THE RECORDS
────────────────

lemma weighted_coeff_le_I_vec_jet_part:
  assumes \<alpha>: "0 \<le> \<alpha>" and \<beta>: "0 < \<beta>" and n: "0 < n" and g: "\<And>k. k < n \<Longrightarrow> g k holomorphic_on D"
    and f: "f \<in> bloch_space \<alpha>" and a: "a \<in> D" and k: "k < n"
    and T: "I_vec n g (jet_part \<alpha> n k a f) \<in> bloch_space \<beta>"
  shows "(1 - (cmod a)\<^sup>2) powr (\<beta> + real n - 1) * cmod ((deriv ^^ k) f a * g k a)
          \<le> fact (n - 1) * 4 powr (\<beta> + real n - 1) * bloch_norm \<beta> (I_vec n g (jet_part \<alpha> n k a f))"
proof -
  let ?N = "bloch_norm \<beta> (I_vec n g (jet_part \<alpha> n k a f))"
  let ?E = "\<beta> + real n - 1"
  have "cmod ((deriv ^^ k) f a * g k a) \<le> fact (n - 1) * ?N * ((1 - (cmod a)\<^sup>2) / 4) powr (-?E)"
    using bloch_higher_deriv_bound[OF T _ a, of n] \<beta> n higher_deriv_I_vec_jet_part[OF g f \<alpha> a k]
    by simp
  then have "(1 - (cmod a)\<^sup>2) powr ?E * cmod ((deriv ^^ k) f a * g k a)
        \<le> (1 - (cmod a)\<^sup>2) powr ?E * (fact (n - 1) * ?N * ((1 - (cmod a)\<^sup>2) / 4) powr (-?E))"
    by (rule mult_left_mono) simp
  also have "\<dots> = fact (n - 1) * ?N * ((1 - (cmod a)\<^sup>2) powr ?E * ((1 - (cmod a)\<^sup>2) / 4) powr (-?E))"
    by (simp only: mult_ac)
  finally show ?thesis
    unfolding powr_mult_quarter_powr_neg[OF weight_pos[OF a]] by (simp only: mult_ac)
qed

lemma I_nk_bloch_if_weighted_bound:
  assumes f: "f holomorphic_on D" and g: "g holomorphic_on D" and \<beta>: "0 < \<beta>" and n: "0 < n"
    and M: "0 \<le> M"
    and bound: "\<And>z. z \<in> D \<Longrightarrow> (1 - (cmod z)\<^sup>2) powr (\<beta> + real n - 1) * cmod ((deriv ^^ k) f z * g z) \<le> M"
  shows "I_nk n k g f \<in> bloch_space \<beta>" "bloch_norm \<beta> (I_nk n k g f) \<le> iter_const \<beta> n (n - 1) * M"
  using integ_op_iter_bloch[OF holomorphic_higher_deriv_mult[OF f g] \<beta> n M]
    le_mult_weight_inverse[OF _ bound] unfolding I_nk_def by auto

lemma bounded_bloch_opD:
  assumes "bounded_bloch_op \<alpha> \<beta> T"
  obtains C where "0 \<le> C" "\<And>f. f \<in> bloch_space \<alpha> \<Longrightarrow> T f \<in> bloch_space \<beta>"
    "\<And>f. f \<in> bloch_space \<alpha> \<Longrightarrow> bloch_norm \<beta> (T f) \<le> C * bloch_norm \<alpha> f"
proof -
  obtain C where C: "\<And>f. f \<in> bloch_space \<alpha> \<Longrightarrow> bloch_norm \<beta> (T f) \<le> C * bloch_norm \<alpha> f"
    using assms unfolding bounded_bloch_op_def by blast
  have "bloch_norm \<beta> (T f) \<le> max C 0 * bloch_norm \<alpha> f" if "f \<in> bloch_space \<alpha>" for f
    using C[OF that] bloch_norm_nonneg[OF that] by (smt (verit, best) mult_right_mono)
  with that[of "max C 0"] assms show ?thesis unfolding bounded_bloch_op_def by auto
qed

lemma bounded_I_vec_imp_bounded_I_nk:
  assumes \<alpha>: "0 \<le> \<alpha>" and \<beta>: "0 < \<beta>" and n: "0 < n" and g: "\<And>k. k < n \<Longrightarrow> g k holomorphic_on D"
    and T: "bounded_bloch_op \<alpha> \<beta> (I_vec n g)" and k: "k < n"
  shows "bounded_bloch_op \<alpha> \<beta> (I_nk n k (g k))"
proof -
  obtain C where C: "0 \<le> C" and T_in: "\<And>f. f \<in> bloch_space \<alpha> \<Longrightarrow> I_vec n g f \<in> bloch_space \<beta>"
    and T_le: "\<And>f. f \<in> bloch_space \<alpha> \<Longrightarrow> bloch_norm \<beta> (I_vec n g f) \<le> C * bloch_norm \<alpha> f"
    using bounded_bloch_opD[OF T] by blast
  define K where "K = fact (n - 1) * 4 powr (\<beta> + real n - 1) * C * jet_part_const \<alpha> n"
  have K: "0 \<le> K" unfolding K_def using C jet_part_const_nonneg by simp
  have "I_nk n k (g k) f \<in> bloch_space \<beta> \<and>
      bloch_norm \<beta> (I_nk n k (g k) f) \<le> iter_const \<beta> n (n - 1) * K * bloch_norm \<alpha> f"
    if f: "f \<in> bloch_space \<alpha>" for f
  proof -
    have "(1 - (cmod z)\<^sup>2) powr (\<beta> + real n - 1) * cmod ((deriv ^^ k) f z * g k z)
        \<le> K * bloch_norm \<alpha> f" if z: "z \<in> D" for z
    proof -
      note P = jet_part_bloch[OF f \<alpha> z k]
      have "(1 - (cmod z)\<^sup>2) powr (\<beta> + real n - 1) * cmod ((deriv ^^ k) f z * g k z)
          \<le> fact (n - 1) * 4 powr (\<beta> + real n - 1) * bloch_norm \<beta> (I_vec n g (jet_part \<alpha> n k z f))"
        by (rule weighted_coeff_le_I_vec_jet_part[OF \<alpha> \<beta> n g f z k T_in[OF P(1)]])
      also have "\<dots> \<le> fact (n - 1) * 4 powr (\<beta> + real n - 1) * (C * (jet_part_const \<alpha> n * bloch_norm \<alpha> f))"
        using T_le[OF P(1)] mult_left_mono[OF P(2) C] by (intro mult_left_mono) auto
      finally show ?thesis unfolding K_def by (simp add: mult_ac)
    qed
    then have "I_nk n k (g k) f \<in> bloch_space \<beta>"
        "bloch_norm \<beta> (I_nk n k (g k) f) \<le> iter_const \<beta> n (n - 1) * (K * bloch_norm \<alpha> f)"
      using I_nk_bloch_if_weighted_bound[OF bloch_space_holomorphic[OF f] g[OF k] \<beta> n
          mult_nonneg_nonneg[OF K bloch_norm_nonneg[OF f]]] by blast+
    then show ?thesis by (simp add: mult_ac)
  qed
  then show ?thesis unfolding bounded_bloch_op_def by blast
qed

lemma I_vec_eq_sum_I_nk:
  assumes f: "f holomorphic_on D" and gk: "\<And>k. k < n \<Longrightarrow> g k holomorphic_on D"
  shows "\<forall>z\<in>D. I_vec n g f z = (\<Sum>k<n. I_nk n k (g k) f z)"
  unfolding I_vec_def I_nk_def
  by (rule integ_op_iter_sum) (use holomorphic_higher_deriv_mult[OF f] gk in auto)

────────────────

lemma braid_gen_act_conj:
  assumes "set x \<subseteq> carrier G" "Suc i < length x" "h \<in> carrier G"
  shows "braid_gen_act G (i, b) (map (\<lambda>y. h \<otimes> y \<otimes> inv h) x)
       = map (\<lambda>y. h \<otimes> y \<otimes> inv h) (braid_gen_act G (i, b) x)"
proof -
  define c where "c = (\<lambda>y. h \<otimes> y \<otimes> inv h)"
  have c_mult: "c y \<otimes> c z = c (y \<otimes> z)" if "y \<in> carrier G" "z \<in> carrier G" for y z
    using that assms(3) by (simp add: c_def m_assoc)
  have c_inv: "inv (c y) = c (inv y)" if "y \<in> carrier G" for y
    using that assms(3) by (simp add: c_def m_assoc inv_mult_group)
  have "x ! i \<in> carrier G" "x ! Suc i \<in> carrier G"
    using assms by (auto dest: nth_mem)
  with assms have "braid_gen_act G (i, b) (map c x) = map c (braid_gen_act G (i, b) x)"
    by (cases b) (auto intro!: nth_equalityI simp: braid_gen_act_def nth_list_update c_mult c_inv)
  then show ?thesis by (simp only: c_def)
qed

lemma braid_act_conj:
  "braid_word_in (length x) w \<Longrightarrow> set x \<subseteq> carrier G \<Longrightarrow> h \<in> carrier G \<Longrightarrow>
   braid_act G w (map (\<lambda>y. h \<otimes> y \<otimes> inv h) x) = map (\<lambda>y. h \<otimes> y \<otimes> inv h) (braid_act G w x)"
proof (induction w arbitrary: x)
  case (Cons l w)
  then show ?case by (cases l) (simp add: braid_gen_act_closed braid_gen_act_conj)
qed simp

────────────────

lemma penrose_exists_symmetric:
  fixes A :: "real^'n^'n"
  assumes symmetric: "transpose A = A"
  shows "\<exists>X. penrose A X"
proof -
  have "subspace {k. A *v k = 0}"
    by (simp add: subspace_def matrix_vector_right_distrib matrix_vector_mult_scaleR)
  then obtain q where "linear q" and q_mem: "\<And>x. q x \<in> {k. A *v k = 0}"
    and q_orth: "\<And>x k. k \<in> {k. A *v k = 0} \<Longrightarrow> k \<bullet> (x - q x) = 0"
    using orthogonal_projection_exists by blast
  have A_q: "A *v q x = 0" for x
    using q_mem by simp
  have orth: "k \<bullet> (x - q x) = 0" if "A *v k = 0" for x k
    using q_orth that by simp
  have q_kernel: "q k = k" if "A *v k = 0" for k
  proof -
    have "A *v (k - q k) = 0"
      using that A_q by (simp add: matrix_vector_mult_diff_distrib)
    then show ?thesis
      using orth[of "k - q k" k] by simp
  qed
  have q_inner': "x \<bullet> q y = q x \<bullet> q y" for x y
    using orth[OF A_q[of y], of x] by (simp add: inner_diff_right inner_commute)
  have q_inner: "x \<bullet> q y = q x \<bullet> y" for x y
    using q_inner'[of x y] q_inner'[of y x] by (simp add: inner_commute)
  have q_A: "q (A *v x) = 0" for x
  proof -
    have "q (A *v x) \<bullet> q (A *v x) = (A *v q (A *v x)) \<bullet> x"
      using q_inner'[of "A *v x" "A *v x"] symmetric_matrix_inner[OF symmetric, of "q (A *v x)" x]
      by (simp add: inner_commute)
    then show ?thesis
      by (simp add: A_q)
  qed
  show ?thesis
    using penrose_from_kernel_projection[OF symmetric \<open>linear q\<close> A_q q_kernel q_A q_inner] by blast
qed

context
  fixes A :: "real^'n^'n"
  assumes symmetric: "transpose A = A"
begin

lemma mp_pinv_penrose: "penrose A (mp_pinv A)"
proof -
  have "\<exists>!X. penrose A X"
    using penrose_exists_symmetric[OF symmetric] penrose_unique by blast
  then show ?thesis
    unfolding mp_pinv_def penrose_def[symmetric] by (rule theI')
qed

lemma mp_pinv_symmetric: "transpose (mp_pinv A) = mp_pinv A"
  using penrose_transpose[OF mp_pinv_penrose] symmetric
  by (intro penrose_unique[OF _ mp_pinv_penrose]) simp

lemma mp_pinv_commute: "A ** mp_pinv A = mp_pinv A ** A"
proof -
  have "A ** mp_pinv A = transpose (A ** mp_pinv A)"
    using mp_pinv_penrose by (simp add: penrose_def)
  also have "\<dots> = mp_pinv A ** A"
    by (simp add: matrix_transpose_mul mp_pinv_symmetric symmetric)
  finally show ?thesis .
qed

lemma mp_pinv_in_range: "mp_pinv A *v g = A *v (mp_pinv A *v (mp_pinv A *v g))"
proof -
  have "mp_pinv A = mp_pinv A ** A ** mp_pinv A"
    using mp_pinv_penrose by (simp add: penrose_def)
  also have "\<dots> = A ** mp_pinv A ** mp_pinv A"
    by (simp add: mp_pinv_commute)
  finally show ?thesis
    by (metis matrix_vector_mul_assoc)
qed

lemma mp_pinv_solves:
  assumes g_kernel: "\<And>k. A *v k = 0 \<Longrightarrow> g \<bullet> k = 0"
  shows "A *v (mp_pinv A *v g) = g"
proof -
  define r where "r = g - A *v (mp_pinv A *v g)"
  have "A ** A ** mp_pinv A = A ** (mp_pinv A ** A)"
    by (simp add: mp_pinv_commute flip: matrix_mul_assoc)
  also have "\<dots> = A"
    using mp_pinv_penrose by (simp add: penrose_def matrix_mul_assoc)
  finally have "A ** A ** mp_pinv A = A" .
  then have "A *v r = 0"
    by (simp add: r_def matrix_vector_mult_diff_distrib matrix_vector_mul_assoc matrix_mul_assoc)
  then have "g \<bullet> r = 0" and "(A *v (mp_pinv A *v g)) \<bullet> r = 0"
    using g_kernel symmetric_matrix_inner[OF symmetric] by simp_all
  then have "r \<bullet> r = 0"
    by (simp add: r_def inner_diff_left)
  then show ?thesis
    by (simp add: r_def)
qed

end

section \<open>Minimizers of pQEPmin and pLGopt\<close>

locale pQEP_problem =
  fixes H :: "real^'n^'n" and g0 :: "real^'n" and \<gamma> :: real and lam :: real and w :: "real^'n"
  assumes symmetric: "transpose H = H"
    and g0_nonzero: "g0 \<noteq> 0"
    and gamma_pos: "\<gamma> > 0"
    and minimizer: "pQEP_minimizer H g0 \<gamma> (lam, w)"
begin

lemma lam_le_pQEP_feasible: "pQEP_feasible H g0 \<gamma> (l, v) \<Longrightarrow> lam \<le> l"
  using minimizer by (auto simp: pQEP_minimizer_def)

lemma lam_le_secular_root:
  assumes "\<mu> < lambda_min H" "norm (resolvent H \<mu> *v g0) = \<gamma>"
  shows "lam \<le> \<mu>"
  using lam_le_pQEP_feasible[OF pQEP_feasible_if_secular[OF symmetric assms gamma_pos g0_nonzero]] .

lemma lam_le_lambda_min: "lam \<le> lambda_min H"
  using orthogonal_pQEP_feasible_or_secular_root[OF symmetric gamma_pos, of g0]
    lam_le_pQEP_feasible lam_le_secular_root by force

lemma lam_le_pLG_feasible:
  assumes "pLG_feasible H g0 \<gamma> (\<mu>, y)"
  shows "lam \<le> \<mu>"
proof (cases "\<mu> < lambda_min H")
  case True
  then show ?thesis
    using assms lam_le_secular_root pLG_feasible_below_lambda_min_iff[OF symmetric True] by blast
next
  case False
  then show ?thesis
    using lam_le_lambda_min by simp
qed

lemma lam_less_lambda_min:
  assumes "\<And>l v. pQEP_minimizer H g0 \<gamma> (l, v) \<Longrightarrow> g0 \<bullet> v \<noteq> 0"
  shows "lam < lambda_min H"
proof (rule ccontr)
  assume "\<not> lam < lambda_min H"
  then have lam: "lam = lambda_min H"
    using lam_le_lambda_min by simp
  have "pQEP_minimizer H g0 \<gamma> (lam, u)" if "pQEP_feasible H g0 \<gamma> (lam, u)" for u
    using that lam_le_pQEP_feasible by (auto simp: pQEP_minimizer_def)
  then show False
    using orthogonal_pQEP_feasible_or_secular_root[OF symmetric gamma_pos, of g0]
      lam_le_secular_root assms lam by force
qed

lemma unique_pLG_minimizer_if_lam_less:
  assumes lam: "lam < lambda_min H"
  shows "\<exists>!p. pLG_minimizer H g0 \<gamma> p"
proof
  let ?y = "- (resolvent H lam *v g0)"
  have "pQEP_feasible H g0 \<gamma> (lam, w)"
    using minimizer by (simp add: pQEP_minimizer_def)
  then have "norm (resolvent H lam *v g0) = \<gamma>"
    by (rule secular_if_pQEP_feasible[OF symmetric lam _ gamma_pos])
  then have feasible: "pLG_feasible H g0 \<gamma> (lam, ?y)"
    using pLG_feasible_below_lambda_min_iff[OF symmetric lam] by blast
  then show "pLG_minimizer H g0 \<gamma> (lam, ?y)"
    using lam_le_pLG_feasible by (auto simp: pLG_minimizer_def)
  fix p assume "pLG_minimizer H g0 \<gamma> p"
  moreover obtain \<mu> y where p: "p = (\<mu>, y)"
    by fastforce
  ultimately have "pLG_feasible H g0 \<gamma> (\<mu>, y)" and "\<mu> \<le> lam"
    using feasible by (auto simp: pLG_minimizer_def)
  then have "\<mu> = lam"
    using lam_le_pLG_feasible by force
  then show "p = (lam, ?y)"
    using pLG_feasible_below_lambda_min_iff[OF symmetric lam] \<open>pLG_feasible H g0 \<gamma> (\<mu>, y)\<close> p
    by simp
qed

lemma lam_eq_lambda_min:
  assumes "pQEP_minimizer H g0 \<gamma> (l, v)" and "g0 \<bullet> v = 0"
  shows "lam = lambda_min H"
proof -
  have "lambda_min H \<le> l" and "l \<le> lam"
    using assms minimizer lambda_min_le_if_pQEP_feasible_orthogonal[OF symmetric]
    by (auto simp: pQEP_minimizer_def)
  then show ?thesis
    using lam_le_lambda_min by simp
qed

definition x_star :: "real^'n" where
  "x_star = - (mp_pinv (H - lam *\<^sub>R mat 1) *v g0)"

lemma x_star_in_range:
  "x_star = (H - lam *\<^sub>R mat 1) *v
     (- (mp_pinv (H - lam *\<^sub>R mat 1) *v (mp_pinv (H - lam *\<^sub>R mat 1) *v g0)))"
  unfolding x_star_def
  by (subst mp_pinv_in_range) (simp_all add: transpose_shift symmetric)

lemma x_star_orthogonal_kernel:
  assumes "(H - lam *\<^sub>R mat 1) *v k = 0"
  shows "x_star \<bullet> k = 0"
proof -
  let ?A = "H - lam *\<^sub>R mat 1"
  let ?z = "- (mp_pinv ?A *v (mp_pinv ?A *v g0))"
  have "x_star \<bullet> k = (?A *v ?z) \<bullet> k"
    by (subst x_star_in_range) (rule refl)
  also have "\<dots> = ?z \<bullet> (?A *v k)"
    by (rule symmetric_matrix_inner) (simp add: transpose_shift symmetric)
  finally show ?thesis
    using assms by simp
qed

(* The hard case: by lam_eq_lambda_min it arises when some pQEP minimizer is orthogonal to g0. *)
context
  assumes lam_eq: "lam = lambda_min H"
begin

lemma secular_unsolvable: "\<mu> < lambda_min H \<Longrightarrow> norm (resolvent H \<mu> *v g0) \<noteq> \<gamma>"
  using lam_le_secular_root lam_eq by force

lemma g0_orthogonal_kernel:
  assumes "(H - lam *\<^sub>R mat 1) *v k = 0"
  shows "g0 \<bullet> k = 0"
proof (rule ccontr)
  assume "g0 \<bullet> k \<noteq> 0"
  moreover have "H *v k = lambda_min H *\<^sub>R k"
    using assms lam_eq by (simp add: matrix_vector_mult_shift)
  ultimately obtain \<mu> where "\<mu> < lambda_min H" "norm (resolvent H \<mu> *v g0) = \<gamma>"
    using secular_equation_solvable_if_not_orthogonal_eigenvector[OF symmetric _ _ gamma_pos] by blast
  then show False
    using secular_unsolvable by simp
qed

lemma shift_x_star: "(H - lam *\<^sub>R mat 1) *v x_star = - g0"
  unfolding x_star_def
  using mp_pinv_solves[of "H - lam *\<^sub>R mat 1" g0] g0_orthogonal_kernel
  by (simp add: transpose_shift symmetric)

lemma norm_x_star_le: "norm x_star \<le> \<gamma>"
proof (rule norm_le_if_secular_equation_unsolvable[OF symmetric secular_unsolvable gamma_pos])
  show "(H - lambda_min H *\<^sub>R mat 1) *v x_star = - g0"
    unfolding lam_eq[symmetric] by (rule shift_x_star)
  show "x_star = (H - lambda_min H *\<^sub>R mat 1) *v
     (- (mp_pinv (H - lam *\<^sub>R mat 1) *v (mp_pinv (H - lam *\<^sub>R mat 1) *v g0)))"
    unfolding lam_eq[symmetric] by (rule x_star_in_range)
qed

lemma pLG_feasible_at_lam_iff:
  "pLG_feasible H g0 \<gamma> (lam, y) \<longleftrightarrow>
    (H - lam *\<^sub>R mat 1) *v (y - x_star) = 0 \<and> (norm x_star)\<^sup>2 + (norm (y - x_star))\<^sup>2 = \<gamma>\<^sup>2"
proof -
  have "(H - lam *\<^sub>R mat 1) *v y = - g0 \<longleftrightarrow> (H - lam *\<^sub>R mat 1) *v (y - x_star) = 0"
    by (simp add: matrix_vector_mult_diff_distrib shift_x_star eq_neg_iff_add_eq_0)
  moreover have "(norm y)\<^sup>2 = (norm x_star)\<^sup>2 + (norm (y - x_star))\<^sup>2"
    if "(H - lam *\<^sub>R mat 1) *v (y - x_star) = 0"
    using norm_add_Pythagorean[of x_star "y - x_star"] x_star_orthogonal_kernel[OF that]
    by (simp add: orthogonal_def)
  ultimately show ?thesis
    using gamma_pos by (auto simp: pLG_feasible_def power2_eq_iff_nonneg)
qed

────────────────

Write out every line in the data that holds the string "subst".

  by (subst mp_pinv_in_range) (simp_all add: transpose_shift symmetric)
    by (subst x_star_in_range) (rule refl)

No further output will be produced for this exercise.